LONDRES
Otoño de 1666
Hacía ya tiempo que las últimas llamas del gran incendio se habían apagado y Londres era un hervidero de actividad frenética. Sus ciudadanos se esforzaban día a día para levantarla de las cenizas y volverla a erigir como una de las urbes más grandes del mundo occidental. Con la ciudad en plena reconstrucción, todos los hombres, mujeres y niños que necesitasen un trabajo podían encontrarlo en los cientos de obras que se extendían por la zona devastada. Albañiles, carpinteros, arquitectos, herreros y aprendices de estos oficios iban de una obra a otra mientras que los hombres que no tenían estos oficios podían acarrear ladrillos, vigas de madera, arena, agua o piezas de hierro durante doce o catorce horas al día. Centenares de mujeres con comidas preparadas paseaban por las nuevas calles vendiendo carne en salsa, panceta asada, jamón cocido, pan, cebollas hervidas, quesos, salchichas, y la siempre nutritiva cerveza. Los zapateros cosían botas a destajo para los obreros, los telares producían miles de rollos de tela abasteciendo a las costureras que cosían cortinas, sábanas, colchas y mantas para vestir las casas nuevas y reponer los vestuarios quemados. Las fondas que se habían salvado del incendio estaban desbordadas. Familias enteras sin un techo bajo el que vivir se hacinaban en cada habitación compartiendo abarrotadas cocinas y letrinas comunes con los campesinos que habían llegado a la ciudad llamados por la enorme demanda de mano de obra. Estas familias se sentían afortunadas, pues muchas otras seguían refugiadas bien en los míseros hospedajes de caridad o bien en chabolas de precaria construcción alrededor de Saint George, Moorfields o incluso en Highgate, ya en las afueras de Londres. Esta carencia de hospedajes hizo que muchas de las casas que se estaban construyendo se diseñasen con la idea de alquilar varias de las habitaciones, dejando la primera planta para el uso particular de la familia y haciendo un gran negocio con el resto del edificio. Así, surgieron fondas y pensiones diseminadas por toda la ciudad, aunque la mayoría había tendido a agruparse. De esta forma atraían a más clientela, pues el viajero se aseguraba el tener cama en uno o en otro sitio sin tener que recorrer la desconocida ciudad.

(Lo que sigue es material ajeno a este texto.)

lemma antidiagonal_product_normal:
  assumes P: "\<And>a. P a \<lhd> G" and Q: "\<And>b. Q b \<lhd> G"
  shows "antidiagonal_product G P Q m \<lhd> G"
  unfolding antidiagonal_product_def
proof (rule normal_generateI)
  show "(\<Union>a\<le>m. P a \<inter> Q (m - a)) \<subseteq> carrier G"
    using normal_subset_carrier[OF P] by blast
  fix x g assume "x \<in> (\<Union>a\<le>m. P a \<inter> Q (m - a))" and g: "g \<in> carrier G"
  then obtain a where "a \<le> m" "x \<in> P a" "x \<in> Q (m - a)" by blast
  then show "g \<otimes> x \<otimes> inv g \<in> (\<Union>a\<le>m. P a \<inter> Q (m - a))"
    using normal.inv_op_closed2[OF P g] normal.inv_op_closed2[OF Q g] by blast
qed
(* Let $T_*>\tau_D$ and $\mu_0\in(0,1)$ be constants. There exist a continuous function $\xi_{\mu_0}:[0,T_*]\to(0,1]$ and a constant $\gamma_2>0$, depending only on $\mu_0,n,a_*,a^*,\tau_D,T_*$, with $\xi_{\mu_0}(0)=1$, $\xi_{\mu_0}$ strictly decreasing on $[0,\tau_D]$, strictly increasing on $[\tau_D,T_*]$ and $\xi_{\mu_0}(T_* )<1$, such that the following holds. For any trajectory of system (5) with $\|z\|_\infty<\infty$, any $t_0\ge 0$, any constant $d_0>0$, and any $i,m\in\mathcal V_F$ such that the arc $(i,m)$ belongs to $\mathcal E_{\sigma(t)}$ for all $t\in[t_0,t_0+\tau_D)$ and $$|x_i(t)|_{\mathcal L(y(t))}\le\mu_0|x(t_0)|_{\mathcal L(y(t_0))}+d_0\quad\text{for all }t\in[t_0,t_0+\tau_D),$$ we have $$|x_m(t)|_{\mathcal L(y(t))}\le\xi_{\mu_0}(t-t_0)\,|x(t_0)|_{\mathcal L(y(t_0))}+\gamma_2\|z\|_\infty+d_0\quad\text{for all }t\in[t_0,t_0+T_*].$$
   Context: Standing setup. Fix integers $n\ge 2$, $k\ge 1$, $d\ge 1$. The follower set is $\mathcal V_F=\{1,\dots,n\}$ and the leader set is $\mathcal V_L=\{\hat 1,\dots,\hat k\}$ (disjoint from $\mathcal V_F$); $\mathcal V=\mathcal V_F\cup\mathcal V_L$. The interaction topology is a time-varying digraph $\mathcal G_{\sigma(t)}=(\mathcal V,\mathcal E_{\sigma(t)})$, where $\sigma:[0,\infty)\to\mathcal P$ is a piecewise constant switching signal taking values in a finite set $\mathcal P$ of digraphs on $\mathcal V$; no arc of any of these digraphs enters a leader. An arc $(j,i)$ means that $i$ receives information from $j$. Dwell-time assumption: any two consecutive switching instants of $\sigma$ are separated by at least $\tau_D>0$. For $i\in\mathcal V_F$, $N_i(\sigma(t))=\{j\in\mathcal V_F:(j,i)\in\mathcal E_{\sigma(t)}\}$ and $L_i(\sigma(t))=\{j\in\mathcal V_L:(j,i)\in\mathcal E_{\sigma(t)}\}$. System (5): $\dot y_i=u_i(y,t)$ for $i=1,\dots,k$, and $\dot x_i=\sum_{j\in N_i(\sigma(t))}a_{ij}(x,y,t)(x_j-x_i)+\sum_{j\in L_i(\sigma(t))}b_{ij}(x,y,t)(y_j-x_i)+w_i(t)$ for $i=1,\dots,n$, where $x_i,y_j\in\mathbb R^d$, $x=(x_1,\dots,x_n)$, $y=(y_1,\dots,y_k)$; each $u_i(y,t)$ is continuous in $y$ and piecewise continuous in $t$; each $w_i$ is continuous; the weights $a_{ij},b_{ij}$ are continuous and satisfy $a_*\le a_{ij}(x,y,t)\le a^*$, $b_{ij}(x,y,t)\ge b_*$ for all $x,y,t$, with constants $0<a_*\le a^*$, $b_*>0$. Along a trajectory, $z(t)=(u_1(y(t),t),\dots,u_k(y(t),t),w_1(t),\dots,w_n(t))\in\mathbb R^{(n+k)d}$ and $\|z\|_\infty=\sup_{t\ge0}|z(t)|$. Set notation: $|\cdot|$ is the Euclidean norm; for a closed convex $K\subset\mathbb R^d$, $|v|_K=\inf_{p\in K}|v-p|$; $\mathcal L(y(t))=\mathrm{co}\{y_1(t),\dots,y_k(t)\}$ (convex hull); $|x(t)|_{\mathcal L(y(t))}=\max_{i\in\mathcal V_F}|x_i(t)|_{\mathcal L(y(t))}$. *)

theory Defs
  imports "HOL-Analysis.Analysis"
begin

text \<open>Points of R^d are represented as functions nat => real vanishing at
coordinates c >= d (so that the dimension d can be quantified inside the
statement). Followers are indexed 1..n, leaders 1..k.\<close>

datatype vtx = Fv nat | Lv nat

type_synonym pt = "nat \<Rightarrow> real"
type_synonym state = "nat \<Rightarrow> nat \<Rightarrow> real"
type_synonym digraph = "(vtx \<times> vtx) set"

definition vec_space :: "nat \<Rightarrow> pt set" where
  "vec_space d = {v. \<forall>c\<ge>d. v c = 0}"

definition state_space :: "nat \<Rightarrow> nat \<Rightarrow> state set" where
  "state_space N d = {X. \<forall>i c. (i \<notin> {1..N} \<or> d \<le> c) \<longrightarrow> X i c = 0}"

definition eucl :: "nat \<Rightarrow> pt \<Rightarrow> real" where
  "eucl d v = sqrt (\<Sum>c<d. (v c)\<^sup>2)"

definition conv_pts :: "nat \<Rightarrow> state \<Rightarrow> pt set" where
  "conv_pts k Y = {p. \<exists>l::nat\<Rightarrow>real. (\<forall>j\<in>{1..k}. 0 \<le> l j) \<and> (\<Sum>j=1..k. l j) = 1
                        \<and> p = (\<lambda>c. \<Sum>j=1..k. l j * Y j c)}"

Este aumento del empleo se notó rápidamente en los barrios de la clase acomodada. Desde hacía una semana no se escuchaba ningún caso de robo en las casas de Hyde Park y parecía que la oleada de atracos había remitido. Las mujeres, más tranquilas, habían dejado de reunirse por las mañanas para hacerse compañía, y los hombres habían dejado de dormir con las escopetas de caza y los cuchillos bajo la cama.

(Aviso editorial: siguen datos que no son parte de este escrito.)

theorem theorem2p5:
  fixes V Vx Vxx Vxxx Vt :: "real \<Rightarrow> real \<Rightarrow> real"
    and xstar g g' :: "real \<Rightarrow> real"
    and xhat :: "real \<Rightarrow> real \<Rightarrow> real"
    and \<epsilon>0 a0 :: real
  assumes dVx: "\<And>x t. ((\<lambda>y. V y t) has_real_derivative Vx x t) (at x)"
      and dVxx: "\<And>x t. ((\<lambda>y. Vx y t) has_real_derivative Vxx x t) (at x)"
      and dVxxx: "\<And>x t. ((\<lambda>y. Vxx y t) has_real_derivative Vxxx x t) (at x)"
      and dVt: "\<And>x t. ((\<lambda>s. V x s) has_real_derivative Vt x t) (at t)"
      and contV: "continuous_on UNIV (\<lambda>(x, t). Vx x t)"
                 "continuous_on UNIV (\<lambda>(x, t). Vxx x t)"
                 "continuous_on UNIV (\<lambda>(x, t). Vxxx x t)"
                 "continuous_on UNIV (\<lambda>(x, t). Vt x t)"
      and bddV: "bounded (range (\<lambda>(x, t). Vxx x t))"
                "bounded (range (\<lambda>(x, t). Vxxx x t))"
      and saddle: "\<And>t. t \<ge> 0 \<Longrightarrow> Vx (xstar t) t = 0 \<and> Vxx (xstar t) t < 0"
      and dg: "\<And>t. (g has_real_derivative g' t) (at t)"
      and contg': "continuous_on UNIV g'"
      and bddg: "bounded (range g)" "bounded (range g')"
      and \<epsilon>0_pos: "\<epsilon>0 > 0"
      and adiabatic: "\<And>\<epsilon> t. 0 < \<epsilon> \<Longrightarrow> \<epsilon> \<le> \<epsilon>0 \<Longrightarrow> t \<ge> 0 \<Longrightarrow>
             (xhat \<epsilon> has_real_derivative (- (1/\<epsilon>) * Vx (xhat \<epsilon> t) t)) (at t within {0..})"
      and tracking: "\<exists>K. \<forall>\<epsilon> t. 0 < \<epsilon> \<and> \<epsilon> \<le> \<epsilon>0 \<and> t \<ge> 0 \<longrightarrow> \<bar>xhat \<epsilon> t - xstar t\<bar> \<le> K * \<epsilon>"
      and a0_pos: "a0 > 0"
      and ahat_lower: "\<And>\<epsilon> t. 0 < \<epsilon> \<Longrightarrow> \<epsilon> \<le> \<epsilon>0 \<Longrightarrow> t \<ge> 0 \<Longrightarrow> - Vxx (xhat \<epsilon> t) t \<ge> a0"
  shows "\<exists>L C \<kappa> \<epsilon>1 \<sigma>1. L > 0 \<and> C > 0 \<and> \<kappa> > 0 \<and> 0 < \<epsilon>1 \<and> \<epsilon>1 \<le> \<epsilon>0 \<and> \<sigma>1 > 0 \<and>
    (\<forall>\<epsilon> \<sigma>. 0 < \<epsilon> \<and> \<epsilon> < \<epsilon>1 \<and> 0 < \<sigma> \<and> \<sigma> < \<sigma>1 \<and> (\<forall>t. g t \<ge> L * \<epsilon>) \<longrightarrow>
      (\<forall>(M :: 'a measure) W X x0 h t.
         brownian_motion M W \<and> sde_solution M W Vx g g' \<epsilon> \<sigma> x0 X \<and>
         0 < h \<and> h \<le> 1 \<and> t > 0 \<and>
         (x0, 0) \<in> strip_B (xhat \<epsilon>) (\<lambda>s. - Vxx (xhat \<epsilon> s) s) g \<sigma> h \<longrightarrow>
         measure M (not_exited_by M X (strip_B (xhat \<epsilon>) (\<lambda>s. - Vxx (xhat \<epsilon> s) s) g \<sigma> h) t)
           \<le> C * exp (- (\<kappa> / h\<^sup>2) * (1/\<epsilon>) * integral {0..t} (\<lambda>s. - Vxx (xhat \<epsilon> s) s))))"
proof -
  obtain Mxx where Mxx: "\<And>x t. \<bar>Vxx x t\<bar> \<le> Mxx" and "0 < Mxx"
    using bddV(1) unfolding bounded_pos by (auto simp: case_prod_beta)
  obtain G1 where G1: "\<And>t. \<bar>g' t\<bar> \<le> G1" and "0 < G1"
    using bddg(2) unfolding bounded_pos by auto
  define \<kappa> where "\<kappa> = normal_tail_lower_bound (3 * (2 + Mxx) / sqrt (2 * a0)) / Mxx"
  have Vx_lip: "Mxx-lipschitz_on UNIV (\<lambda>y. Vx y t)" for t
    using dVxx Mxx by (rule lipschitz_on_UNIV_of_deriv_bound)
  have main: "measure M (not_exited_by M X (strip_B (xhat \<epsilon>) (\<lambda>s. - Vxx (xhat \<epsilon> s) s) g \<sigma> h) t)
      \<le> exp 1 * exp (- (\<kappa> / h\<^sup>2) * (1/\<epsilon>) * integral {0..t} (\<lambda>s. - Vxx (xhat \<epsilon> s) s))"
    if \<epsilon>: "0 < \<epsilon>" "\<epsilon> < \<epsilon>0" and \<sigma>: "0 < \<sigma>" and g_large: "\<forall>t. 2 * G1 * \<epsilon> \<le> g t"
      and W: "brownian_motion M W" and X: "sde_solution M W Vx g g' \<epsilon> \<sigma> x0 X"
      and h: "0 < h" "h \<le> 1" and t: "0 < t"
    for \<epsilon> \<sigma> and M :: "'a measure" and W X x0 h t
  proof -
    have "0 < g s" for s
      using g_large \<open>0 < G1\<close> \<epsilon> by (smt (verit) mult_pos_pos)
    moreover have "- Vxx y s \<le> Mxx" for y s
      using Mxx[of y s] by linarith
    ultimately show ?thesis
      unfolding \<kappa>_def using \<epsilon> g_large t
      by (intro prob_not_exited_strip_le[OF W X Vx_lip contV(1) dg contg' G1 _ _
            adiabatic[OF \<epsilon>(1)] ahat_lower[OF \<epsilon>(1)] _ a0_pos \<epsilon>(1) \<sigma> h]) auto
  qed
  have "0 < \<kappa>"
    using \<open>0 < Mxx\<close> normal_tail_lower_bound_pos unfolding \<kappa>_def by simp
  show ?thesis
    by (rule exI[of _ "2 * G1"], rule exI[of _ "exp 1"], rule exI[of _ \<kappa>], rule exI[of _ \<epsilon>0],
        rule exI[of _ 1], safe intro!: main) (use \<open>0 < \<kappa>\<close> \<open>0 < G1\<close> \<epsilon>0_pos in simp_all)
qed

—Ann —dijo James una noche mientras su mujer ponía la mesa—. Mañana te acompañaré a Ardkinglas Hall.
Ann le miró sorprendida.
—He decidido —siguió el doctor— que, como lady Dasser ha regresado de su viaje, ya no es necesario que sigas trabajando allí. La situación se ha calmado mucho y debes volver a hacerte cargo de esta casa.
Ann asintió. Sabía que su marido tenía razón. Como pasaba fuera casi todo el día tenía su propia casa un poco descuidada. Pero por otra parte le apenaba dejar de nuevo la gran casa. No sabía por qué, pero estas últimas semanas se había sentido más animada, más viva.
—Como tú digas, James —contestó—. La mesa está lista, ¿sirvo ya la cena?
—No, querida, todavía no.
En ese momento, la pequeña verja de la entrada chirrió al abrirse y, al segundo, unos golpes sonaron en la puerta.
—¿Quién será a estas horas? —preguntó Ann.
—El doctor Hunt —contestó James—. Te dije que vendría a cenar.
Ann negó con la cabeza.
—No me habías avisado —protestó la mujer.
—Sí que lo hice. Se te habrá olvidado —replicó el doctor.
—Será eso —repuso Ann, aunque estaba segura de que no se lo había dicho.
—Ve a abrir, querida.
Ann fue hacia la puerta y abrió al doctor Hunt mientras pensaba en cómo se las iba a arreglar para dividir la cena sin que resultasen unas porciones miserables.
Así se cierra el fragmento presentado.